The Tactical Operations Unit sergeant had trained for years to co-ordinate the teams of snipers in this kind of high-risk situation from the forward command post, gathering intelligence and feeding it to the marksmen.
But he told the inquest into the siege yesterday that when he reported to the forward command post on December 15, 2014, the first day of the siege, he was sent straight out to a sniper position.
He had to co-ordinate the three sniping teams around Martin Place from his post on the first floor in the Westpac building while rarely taking his eye off the sight of his own rifle in case he missed anything happening in the cafe.
“The way we trained for incidents like this is for the sniper co-ordinator to be in the command post. I asked to perform that role on this occasion, but I didn’t,” the sniper, codenamed Sierra 3-1, said.
“I co-ordinated from the field best as I could.”
He said it was one of a number of points raised at the TOU debrief after the siege of how police “could have done better.”
“My point to the debrief was ... we need to play how we train,” the sergeant, who cannot be named, said.

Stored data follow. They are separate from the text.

lemma greedy_disjoint_choice:
  fixes F :: "'i \<Rightarrow> 'a set set"
  assumes "finite J" "finite Z" "Z \<subseteq> Y"
    and disjoint: "\<And>j D D'. j \<in> J \<Longrightarrow> D \<in> F j \<Longrightarrow> D' \<in> F j \<Longrightarrow> D \<noteq> D' \<Longrightarrow> D \<inter> D' \<inter> Y = {}"
    and bounded: "\<And>j D. j \<in> J \<Longrightarrow> D \<in> F j \<Longrightarrow> finite (D \<inter> Y) \<and> card (D \<inter> Y) \<le> c"
    and many: "\<And>j. j \<in> J \<Longrightarrow> card Z + c * card J < card (F j) + c"
  shows "\<exists>E. \<forall>j\<in>J. E j \<in> F j \<and> E j \<inter> Z = {} \<and> (\<forall>k\<in>J. k \<noteq> j \<longrightarrow> E j \<inter> E k \<inter> Y = {})"
proof -
  have "\<exists>E. \<forall>j\<in>I. E j \<in> F j \<and> E j \<inter> Z = {} \<and> (\<forall>k\<in>I. k \<noteq> j \<longrightarrow> E j \<inter> E k \<inter> Y = {})"
    if "I \<subseteq> J" for I
    using finite_subset[OF that \<open>finite J\<close>] that
  proof (induction I rule: finite_induct)
    case (insert j I)
    have "I \<subseteq> J"
      using insert.prems by simp
    then obtain E where E: "\<forall>k\<in>I. E k \<in> F k \<and> E k \<inter> Z = {} \<and> (\<forall>l\<in>I. l \<noteq> k \<longrightarrow> E k \<inter> E l \<inter> Y = {})"
      using insert.IH by blast
    have E_bounded: "finite (E k \<inter> Y)" "card (E k \<inter> Y) \<le> c" if "k \<in> I" for k
      using bounded[of k "E k"] E that insert.prems by auto
    define Z' where "Z' = Z \<union> (\<Union>k\<in>I. E k \<inter> Y)"
    have "\<exists>D\<in>F j. D \<inter> Z' = {}"
    proof (rule ex_member_disjoint)
      show "finite Z'"
        unfolding Z'_def by (rule finite_UnI[OF \<open>finite Z\<close> finite_UN_I[OF insert.hyps(1) E_bounded(1)]])
      show "Z' \<subseteq> Y"
        unfolding Z'_def using \<open>Z \<subseteq> Y\<close> by blast
      have "card Z' \<le> card Z + c * card I"
        unfolding Z'_def using insert.hyps(1) E_bounded(2) by (rule card_Un_UN_le)
      also have "\<dots> < card (F j)"
      proof -
        have "c * Suc (card I) \<le> c * card J"
          using card_mono[OF \<open>finite J\<close> insert.prems] insert.hyps by (intro mult_le_mono2) simp
        then show ?thesis
          using many[of j] insert.prems by simp
      qed
      finally show "card Z' < card (F j)" .
      show "D \<inter> D' \<inter> Y = {}" if "D \<in> F j" "D' \<in> F j" "D \<noteq> D'" for D D'
        using disjoint[of j D D'] insert.prems that by simp
    qed
    then obtain D where D: "D \<in> F j" "D \<inter> Z' = {}"
      by blast
    have "D \<inter> E k \<inter> Y = {}" "E k \<inter> D \<inter> Y = {}" if "k \<in> I" for k
      using D(2) that unfolding Z'_def by blast+
    moreover have "D \<inter> Z = {}"
      using D(2) unfolding Z'_def by blast
    ultimately show ?case
      using D(1) E insert.hyps(2) by (intro exI[of _ "E(j := D)"]) auto
  qed simp
  then show ?thesis
    by blast
qed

Trained as a sniper since 2007, he said the reason for the co-ordinator to be in the forward command post was to liaise with the tactical commanders and negotiators and debrief hostages so he could pass intelligence on to the snipers and use it to “plan to resolve the situation”.

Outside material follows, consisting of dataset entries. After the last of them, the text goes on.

(* The closure $\overline{\mathrm{K\ddot ah}(X)}$ of the Kähler cone of $X$, viewed as a cone in $L_{\mathrm{ext}}^\vee\otimes\mathbb{R}$, is a cone of the Gröbner fan $G\Sigma$.
   Context: $N\cong\mathbb{Z}^n$, $M$ dual. $X$ is a smooth projective toric variety with fan $\Sigma$ and nef-partition $\Sigma(1)=I_1\sqcup\cdots\sqcup I_r$ (each $E_i=\sum_{\rho\in I_i}D_\rho$ nef), $I_i=\{\rho_{i,1},\dots,\rho_{i,n_i}\}$, $J=\{(i,j):1\le i\le r,0\le j\le n_i\}$, $\nu_{i,j}=(\rho_{i,j},e_i)$ ($j\ge1$), $\nu_{i,0}=(0,e_i)$ in $N\times\mathbb{Z}^r$, $\mathcal{A}=\{\nu_{i,j}:(i,j)\in J\}$. $A_{\mathrm{ext}}:\mathbb{Z}^J\to N\times\mathbb{Z}^r$, $e_{i,j}\mapsto\nu_{i,j}$ (surjective), $L_{\mathrm{ext}}=\ker A_{\mathrm{ext}}$, which is isomorphic (by forgetting the $(i,0)$ coordinates) to $L=\ker(\mathbb{Z}^I\to N)\cong H_2(X,\mathbb{Z})$; hence $H^2(X,\mathbb{R})\cong L^\vee\otimes\mathbb{R}\cong L_{\mathrm{ext}}^\vee\otimes\mathbb{R}$, which is also the quotient $\mathbb{R}^J/A_{\mathrm{ext}}^\intercal(M_\mathbb{R}\times\mathbb{R}^r)$. The toric ideal is $I_\mathcal{A}=\langle y^{\ell^+}-y^{\ell^-}:\ell\in L_{\mathrm{ext}}\rangle\subset\mathbb{C}[y_{i,j}:(i,j)\in J]$. Each weight $\omega\in\mathbb{R}^J$ gives the initial (leading term) ideal $\mathrm{LT}_\omega(I_\mathcal{A})$ (generated by the $\omega$-maximal-weight parts of elements of $I_\mathcal{A}$, the weight of $y^m$ being $\sum\omega_{i,j}m_{i,j}$); $\omega,\omega'$ are equivalent if $\mathrm{LT}_\omega(I_\mathcal{A})=\mathrm{LT}_{\omega'}(I_\mathcal{A})$. The equivalence classes (closures) form a fan in $\mathbb{R}^J$; its image in $L_{\mathrm{ext}}^\vee\otimes\mathbb{R}$ is the Gröbner fan $G\Sigma$. *)

theory Defs
  imports "HOL-Analysis.Analysis" "HOL-Library.Poly_Mapping"
begin

text \<open>N = Z^n is the integer lattice in real^'n. The rays Sigma(1) are indexed by a finite
 type 'r, with primitive generators u :: 'r => real^'n. Since a smooth fan is simplicial,
 a cone of the fan is determined by its set of rays; the fan is a set Sig of subsets of 'r.\<close>

definition int_vec :: "real^'n \<Rightarrow> bool" where
  "int_vec x \<longleftrightarrow> (\<forall>i. x $ i \<in> \<int>)"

When he had terrorist Man Monis in his sights for 10 minutes at around 7.35pm that day, he sought “intelligence reports” to satisfy himself that the hostages were under an immediate threat and he could take the shot.

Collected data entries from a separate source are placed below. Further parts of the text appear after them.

(* Let $k\in\omega\setminus\{0,1\}$, let $A$ be a nontrivial closed class of decision tables from $\mathcal M_k^\infty$, $\psi$ a bounded complexity measure, $T\in A$, $n\in\omega$, and suppose $l_\psi(T,n)>0$. Then there exists a mapping $\nu:E_k^{W(T)}\to\mathcal P(\omega)$ such that the table $T^*=J(\nu,T)$ satisfies $\psi^a(T^* )\le n$ and $\psi^d(T^* )\ge\log_k l_\psi(T,n)$.
   Context: Notation: $\omega=\{0,1,2,\dots\}$; $\mathcal P(\omega)$ is the set of nonempty finite subsets of $\omega$; for $k\in\omega\setminus\{0,1\}$, $E_k=\{0,1,\dots,k-1\}$. $P=\{f_i:i\in\omega\}$ is a set of attributes, $f_i\neq f_j$ for $i\ne j$. Decision tables: $\mathcal M_k^\infty$ is the set of rectangular tables filled with numbers from $E_k$, whose columns are labeled with pairwise different attributes from $P$, whose rows are pairwise different, and each row of which is labeled with a set from $\mathcal P(\omega)$ (its set of decisions). The empty table (no rows) is denoted $\Lambda$ and belongs to $\mathcal M_k^\infty$. For $T\in\mathcal M_k^\infty$: $\Delta(T)$ is the set of rows; $\Pi(T)$ is the intersection of the decision sets of all rows (common decisions); $\mathrm{At}(T)$ is the set of attributes labeling columns; $W(T)=|\mathrm{At}(T)|$. For nonempty $T$, $\Omega_k(T)$ is the set of finite words (including the empty word $\lambda$) over the alphabet $\{(f_i,\delta):f_i\in\mathrm{At}(T),\delta\in E_k\}$; for $\alpha=(f_{i_1},\delta_1)\cdots(f_{i_m},\delta_m)$, $T\alpha$ is the subtable of $T$ consisting of the rows having value $\delta_j$ in the column $f_{i_j}$ for all $j$, and $T\lambda=T$. Operations: for $D\subseteq\mathrm{At}(T)$, $I(D,T)$ is obtained from $T$ by deleting the columns labeled with attributes from $D$ and, in each group of rows coinciding on the remaining columns, keeping only the first row; $I(\mathrm{At}(T),T)=\Lambda$. For $\nu:E_k^{|\mathrm{At}(T)|}\to\mathcal P(\omega)$, $J(\nu,T)$ is obtained by replacing the decision set of each row $\bar\delta$ by $\nu(\bar\delta)$. $[T]=\{J(\nu,I(D,T)):D\subseteq\mathrm{At}(T),\ \nu:E_k^{|\mathrm{At}(T)\setminus D|}\to\mathcal P(\omega)\}$; for nonempty $A\subseteq\mathcal M_k^\infty$, $[A]=\bigcup_{T\in A}[T]$. $A$ is a closed class if $[A]=A$; nontrivial if it contains a nonempty table. Decision trees: a $k$-decision tree is a finite directed rooted tree with at least two nodes in which the root and the edges leaving the root are unlabeled, each terminal node is labeled with a decision from $\omega$, and each other node is labeled with an attribute from $P$, each edge leaving such a node being labeled with a number from $E_k$. $\mathrm{At}(\Gamma)$ is the set of attributes labeling nodes of $\Gamma$. For a complete path $\tau=v_1,d_1,\dots,v_m,d_m,v_{m+1}$ (from the root to a terminal node), $\pi(\tau)=\lambda$ if $m=1$, and otherwise $\pi(\tau)=(f_{i_2},\delta_2)\cdots(f_{i_m},\delta_m)$ where $v_j$ is labeled $f_{i_j}$ and $d_j$ is labeled $\delta_j$; $T(\tau)=T\pi(\tau)$. For $T\ne\Lambda$, a nondeterministic decision tree for $T$ is a $k$-decision tree $\Gamma$ with $\mathrm{At}(\Gamma)\subseteq\mathrm{At}(T)$ such that every row of $T$ belongs to $T(\tau)$ for some complete path $\tau$, and for every complete path $\tau$ either $T(\tau)=\Lambda$ or the decision at the terminal node of $\tau$ belongs to $\Pi(T(\tau))$. A deterministic decision tree for $T$ is a nondeterministic decision tree for $T$ in which, additionally, exactly one edge leaves the root and the edges leaving any node that is neither the root nor terminal are labeled with pairwise different numbers. Complexity measures: a partially bounded complexity measure is a function $\psi:P^*\to\omega$ on finite words over $P$ such that for all words $\alpha_1,\alpha_2$: $\psi(\alpha_1)=0$ iff $\alpha_1=\lambda$; $\psi(\alpha_1)$ is invariant under permutation of letters; $\psi(\alpha_1)\le\psi(\alpha_1\alpha_2)$; $\psi(\alpha_1\alpha_2)\le\psi(\alpha_1)+\psi(\alpha_2)$. It is bounded if in addition $\psi(\alpha)\ge|\alpha|$ for all $\alpha$. $\psi$ is extended to words $(f_{i_1},\delta_1)\cdots(f_{i_m},\delta_m)$ by $\psi(f_{i_1}\cdots f_{i_m})$ ($\psi(\lambda)=0$). For a $k$-decision tree $\Gamma$, $\psi(\Gamma)=\max_\tau\psi(\pi(\tau))$ over complete paths. For $T\ne\Lambda$, $\psi^d(T)$ (resp. $\psi^a(T)$) is the minimum of $\psi(\Gamma)$ over deterministic (resp. nondeterministic) decision trees $\Gamma$ for $T$; $\psi^d(\Lambda)=\psi^a(\Lambda)=0$. Covers: for $T\ne\Lambda$ and $n\in\omega$, $\Omega_k^n(T)=\{\alpha\in\Omega_k(T):\psi(\alpha)\le n\}$. A finite set $U\subseteq\Omega_k^n(T)$ is a $(\psi,n)$-cover of $T$ if $\bigcup_{\alpha\in U}\Delta(T\alpha)=\Delta(T)$; it is irreducible if no proper subset of $U$ is a $(\psi,n)$-cover of $T$. $l_\psi(T,n)$ is the maximum cardinality of an irreducible $(\psi,n)$-cover of $T$; $l_\psi(\Lambda,n)=0$. *)

theory Defs
  imports Complex_Main "HOL-Library.Multiset"
begin

text \<open>Attribute f_i is identified with the natural number i.\<close>

record dtable =
  atts :: "nat list"
  rows :: "(nat list \<times> nat set) list"

definition Lam :: dtable where
  "Lam = \<lparr>atts = [], rows = []\<rparr>"

text \<open>Membership in M_k^infinity. Nonempty tables have at least one column;
the only table without rows is Lam.\<close>
definition valid_table :: "nat \<Rightarrow> dtable \<Rightarrow> bool" where
  "valid_table k T \<longleftrightarrow>
     distinct (atts T) \<and> distinct (map fst (rows T)) \<and>
     (\<forall>(r, d) \<in> set (rows T). length r = length (atts T) \<and> (\<forall>v\<in>set r. v < k)
        \<and> finite d \<and> d \<noteq> {}) \<and>
     (rows T = [] \<longleftrightarrow> atts T = [])"

definition Delta :: "dtable \<Rightarrow> (nat list \<times> nat set) set" where
  "Delta T = set (rows T)"

definition Pi_dec :: "dtable \<Rightarrow> nat set" where
  "Pi_dec T = \<Inter> (snd ` set (rows T))"

definition W :: "dtable \<Rightarrow> nat" where
  "W T = length (atts T)"

definition col_val :: "nat list \<Rightarrow> nat list \<Rightarrow> nat \<Rightarrow> nat" where
  "col_val as r a = the (map_of (zip as r) a)"

definition Omega :: "nat \<Rightarrow> dtable \<Rightarrow> (nat \<times> nat) list set" where
  "Omega k T = {\<alpha>. \<forall>(a, v) \<in> set \<alpha>. a \<in> set (atts T) \<and> v < k}"

definition sub :: "dtable \<Rightarrow> (nat \<times> nat) list \<Rightarrow> dtable" where
  "sub T \<alpha> = (let rs = filter (\<lambda>(r, d). \<forall>(a, v) \<in> set \<alpha>. col_val (atts T) r a = v) (rows T)
              in if rs = [] then Lam else \<lparr>atts = atts T, rows = rs\<rparr>)"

There was no sign they were under imminent danger so legally he could not shoot Monis, he said.
“If the legal justification had been there was a shot that you would have attempted?” he was asked by Gabrielle Bashir SC, counsel for the family of slain cafe manager Tori Johnson.
“Yes,” the sniper said.
They did not see Monis again until 2am the next day just before six hostages escaped and Monis shot Mr Johnson dead, which triggered police storming the cafe.
The sniper said that even when he saw Mr Johnson through a cafe window on his knees, he did not accept his life was in “imminent danger”.
At the time Monis was behind a wall between windows and not in view.
“If I saw in a window in a sniper position where a hostage was about to die I would do what I could to stop it if I had a shot option,” he said
When police stormed the cafe at 2.13am to kill Monis, barrister Katrina Dawson died after being hit by fragments of police bullets.
The inquest in Sydney continues on Monday.